During World War I, Hart led the college's successful fundraising effort to provide an ambulance for the Red Cross in Paris. In addition to her studies in England, she took study and service trips to Russia, China, India, Turkey, and Japan. She was feared in danger after the 1923 Great Kantō earthquake. She knew Gandhi from her interest in the peace movement, and was a friend to Wellesley alumnae Ying Mei Chun and Mei-ling Soong. She retired from Wellesley in 1937; the following year, the school established a named chair and a lecture series in her honor.
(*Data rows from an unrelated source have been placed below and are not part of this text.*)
lemma rank_one_mod3_word_mat_right:
  assumes "rank_one_mod3 N c r" "r \<in> {colA, colB}"
  shows "\<exists>r' \<in> {colA, colB}. rank_one_mod3 (N ** cadj (word_mat (letter_mat a) w)) c r'"
  using assms
proof (induction w arbitrary: N r)
  case (Cons \<sigma> w)
  obtain c0 r0 where H: "rank_one_mod3 (letter_mat a \<sigma>) c0 r0" "c0 \<in> {colA, colB}" "r0 \<in> {rowA, rowB}"
    by (rule letter_mat_rank_one)
  have "rank_one_mod3 (cadj (letter_mat a \<sigma>)) (vec_cnj r0) (vec_cnj c0)"
    using H(1) by (rule rank_one_mod3_cadj)
  moreover have "vec_cnj r0 \<in> {rowA, rowB}" "vec_cnj c0 \<in> {colA, colB}"
    using H(2,3) by auto
  ultimately have "rank_one_mod3 (N ** cadj (letter_mat a \<sigma>)) c (vec_cnj c0)"
    using Cons.prems nonzero_mod3_row_col(2) by (blast intro: rank_one_mod3_mult)
  from Cons.IH[OF this \<open>vec_cnj c0 \<in> _\<close>] show ?case
    by (simp add: cadj_mult matrix_mul_assoc)
qed auto

lemma rank_one_mod3_entry_12:
  assumes "rank_one_mod3 N c r" "c \<in> {colA, colB}" "r \<in> {rowA, rowB, colA, colB}"
  shows "N $ 1 $ 2 \<noteq> 0"
  using assms(1) nonzero_mod3_col1_row2[OF assms(2,3)] by (rule rank_one_mod3_entry_nonzero)

lemma word_mat_letter_entry_nonzero:
  assumes "v \<noteq> []"
  shows "word_mat (letter_mat a) v $ 1 $ 2 \<noteq> 0"
proof -
  obtain \<sigma> v' where v: "v = \<sigma> # v'"
    using assms by (cases v) auto
  obtain c0 r0 where H: "rank_one_mod3 (letter_mat a \<sigma>) c0 r0" "c0 \<in> {colA, colB}" "r0 \<in> {rowA, rowB}"
    by (rule letter_mat_rank_one)
  obtain c where "c \<in> {colA, colB}" "rank_one_mod3 (word_mat (letter_mat a) v) c r0"
    using rank_one_mod3_word_mat_left[OF H(1,2), of a v'] by (auto simp: v)
  moreover have "r0 \<in> {rowA, rowB, colA, colB}"
    using H(3) by auto
  ultimately show ?thesis
    using rank_one_mod3_entry_12 by metis
qed

lemma word_mat_letter_branch_entry_nonzero:
  assumes "a \<noteq> b"
  shows "(word_mat (letter_mat a) (b # v) ** cadj (word_mat (letter_mat a) (a # u))) $ 1 $ 2 \<noteq> 0"
proof -
  let ?W = "word_mat (letter_mat a)"
  have "rank_one_mod3 (HB ** cadj HA) colB (vec_cnj colA)"
    using rank_one_mod3_HB rank_one_mod3_cadj[OF rank_one_mod3_HA] nonzero_mod3_rowB_rowB
    by (auto intro: rank_one_mod3_mult)
  then obtain r where r: "r \<in> {colA, colB}" "rank_one_mod3 ((HB ** cadj HA) ** cadj (?W u)) colB r"
    using rank_one_mod3_word_mat_right[of _ colB "vec_cnj colA" a u] by auto
  then obtain c where "c \<in> {colA, colB}" "rank_one_mod3 (?W v ** ((HB ** cadj HA) ** cadj (?W u))) c r"
    using rank_one_mod3_word_mat_left[of _ colB r a v] by auto
  moreover have "?W (b # v) ** cadj (?W (a # u)) = ?W v ** ((HB ** cadj HA) ** cadj (?W u))"
    using assms by (simp add: letter_mat_def cadj_mult matrix_mul_assoc)
  moreover have "r \<in> {rowA, rowB, colA, colB}"
    using r(1) by auto
  ultimately show ?thesis
    using rank_one_mod3_entry_12 by metis
qed
(* Let $T\in\mathbb{R}^{M\times M}$ be symmetric positive definite, $D\in\mathbb{R}^{M\times M}$ diagonal with nonpositive diagonal entries, and $\omega>0$. Then every eigenvalue of $\mathcal{F}_\omega^{-1}\mathcal{R}$ lies in the closed disk in $\mathbb{C}$ of radius $\sigma(\omega)$ centered at $1$, where $$\sigma(\omega)=\max_{\lambda_i\in\lambda(D)}\left|\frac{\omega+\lambda_i}{\omega-\lambda_i}\right|\cdot\max_{\mu_i\in\lambda(T)}\sqrt{\frac{(\omega-\mu_i)^2+1}{(\omega+\mu_i)^2+1}}<1 .$$
   Context: Let $I$ denote the identity matrix of the appropriate size. Define the $2M\times 2M$ real block matrices $$\mathcal{R}=\begin{bmatrix}T-D & -I\\ I & T-D\end{bmatrix},\quad \mathcal{B}=\begin{bmatrix}-D&0\\0&-D\end{bmatrix},\quad \mathcal{H}=\begin{bmatrix}T&-I\\ I&T\end{bmatrix},$$ and for $\omega>0$, $\mathcal{F}_\omega=\tfrac{1}{2\omega}(\omega I+\mathcal{B})(\omega I+\mathcal{H})$. $\lambda(D)$, $\lambda(T)$ denote the sets of eigenvalues of $D$, $T$. *)

theory Defs
  imports "HOL-Analysis.Analysis"
begin

text \<open>2x2 block matrix of M x M blocks, indexed by 'm + 'm
  (Inl = first block row/column, Inr = second).\<close>
definition block2 :: "real^'m^'m \<Rightarrow> real^'m^'m \<Rightarrow> real^'m^'m \<Rightarrow> real^'m^'m
    \<Rightarrow> real^('m + 'm)^('m + 'm)" where
  "block2 A B C E = (\<chi> i j. case i of
      Inl a \<Rightarrow> (case j of Inl b \<Rightarrow> A$a$b | Inr b \<Rightarrow> B$a$b)
    | Inr a \<Rightarrow> (case j of Inl b \<Rightarrow> C$a$b | Inr b \<Rightarrow> E$a$b))"

definition RR :: "real^'m^'m \<Rightarrow> real^'m^'m \<Rightarrow> real^('m + 'm)^('m + 'm)" where
  "RR T D = block2 (T - D) (- mat 1) (mat 1) (T - D)"

definition BB :: "real^'m^'m \<Rightarrow> real^('m + 'm)^('m + 'm)" where
  "BB D = block2 (- D) 0 0 (- D)"

definition HH :: "real^'m^'m \<Rightarrow> real^('m + 'm)^('m + 'm)" where
  "HH T = block2 T (- mat 1) (mat 1) T"

definition FF :: "real \<Rightarrow> real^'m^'m \<Rightarrow> real^'m^'m \<Rightarrow> real^('m + 'm)^('m + 'm)" where
  "FF \<omega> T D = (1 / (2 * \<omega>)) *\<^sub>R ((\<omega> *\<^sub>R mat 1 + BB D) ** (\<omega> *\<^sub>R mat 1 + HH T))"

definition cmat :: "real^'n^'k \<Rightarrow> complex^'n^'k" where
  "cmat A = (\<chi> i j. complex_of_real (A$i$j))"

definition complex_eigenvalue :: "real^'n^'n \<Rightarrow> complex \<Rightarrow> bool" where
  "complex_eigenvalue A z \<longleftrightarrow> (\<exists>v::complex^'n. v \<noteq> 0 \<and> cmat A *v v = z *s v)"

definition real_eigenvalues :: "real^'n^'n \<Rightarrow> real set" where
  "real_eigenvalues A = {\<mu>. \<exists>v::real^'n. v \<noteq> 0 \<and> A *v v = \<mu> *s v}"

definition sigma :: "real \<Rightarrow> real^'m^'m \<Rightarrow> real^'m^'m \<Rightarrow> real" where
  "sigma \<omega> T D =
     Max ((\<lambda>l. \<bar>(\<omega> + l) / (\<omega> - l)\<bar>) ` {D$i$i | i. True})
   * Max ((\<lambda>\<mu>. sqrt (((\<omega> - \<mu>)^2 + 1) / ((\<omega> + \<mu>)^2 + 1))) ` real_eigenvalues T)"

end

theory Submission
  imports Defs
begin

text \<open>Write \<open>B = diag(-D, -D)\<close>, so that \<open>R = B + H\<close> and \<open>F - R = (wI - B)(wI - H) / 2w\<close>. An
  eigenpair \<open>R v = z F v\<close> then gives \<open>(wI - B)(wI - H) v = (1 - z)(wI + B)(wI + H) v\<close>, and since
  \<open>wI + B\<close>, \<open>wI - B\<close> are diagonal with entries \<open>w - \<lambda>\<^sub>i\<close>, \<open>w + \<lambda>\<^sub>i\<close>, comparing components yields
  \<open>|1 - z| \<parallel>(wI + H) v\<parallel> \<le> max |(w + \<lambda>\<^sub>i) / (w - \<lambda>\<^sub>i)| \<parallel>(wI - H) v\<parallel>\<close>.
  For symmetric \<open>T\<close> the quotient \<open>\<parallel>(wI - H) y\<parallel>\<^sup>2 / \<parallel>(wI + H) y\<parallel>\<^sup>2\<close> splits over the two blocks of \<open>y\<close>
  into quotients of quadratic forms in \<open>T\<close>. Their maximum \<open>c\<close> is attained, and at a maximiser the
  difference of the forms is a negative semidefinite quadratic polynomial in \<open>T\<close> with nontrivial kernel;
  hence \<open>c = ((w - \<mu>)\<^sup>2 + 1) / ((w + \<mu>)\<^sup>2 + 1)\<close> for an eigenvalue \<open>\<mu>\<close> of \<open>T\<close>. Positivity of
  \<open>T\<close> and \<open>\<lambda>\<^sub>i \<le> 0\<close> make both factors of \<open>\<sigma>(w)\<close> at most \<open>1\<close>, the second strictly.\<close>

lemma symmetric_matrix_inner_commute:
  fixes T :: "real^'n^'n"
  assumes "transpose T = T"
  shows "x \<bullet> (T *v y) = (T *v x) \<bullet> y"
  by (metis assms dot_lmul_matrix transpose_matrix_vector)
Hart participated in the women's suffrage movement in Boston, and while visiting in England. She was also active in the American Association of University Women, the Modern Language Association, the YWCA and the Women's International League for Peace and Freedom in the 1920s. In 1933, Marjory Stoneman Douglas hosted her as a speaker at her studio in Florida. In retirement, she was president of the Tucson branch of the National League of American Pen Women.

== Personal life ==
Hart became guardian of three Japanese women students in the 1910s, bringing them from Japan to the United States for schooling. Hart retired to Tucson, Arizona, and died there in 1948, aged 80.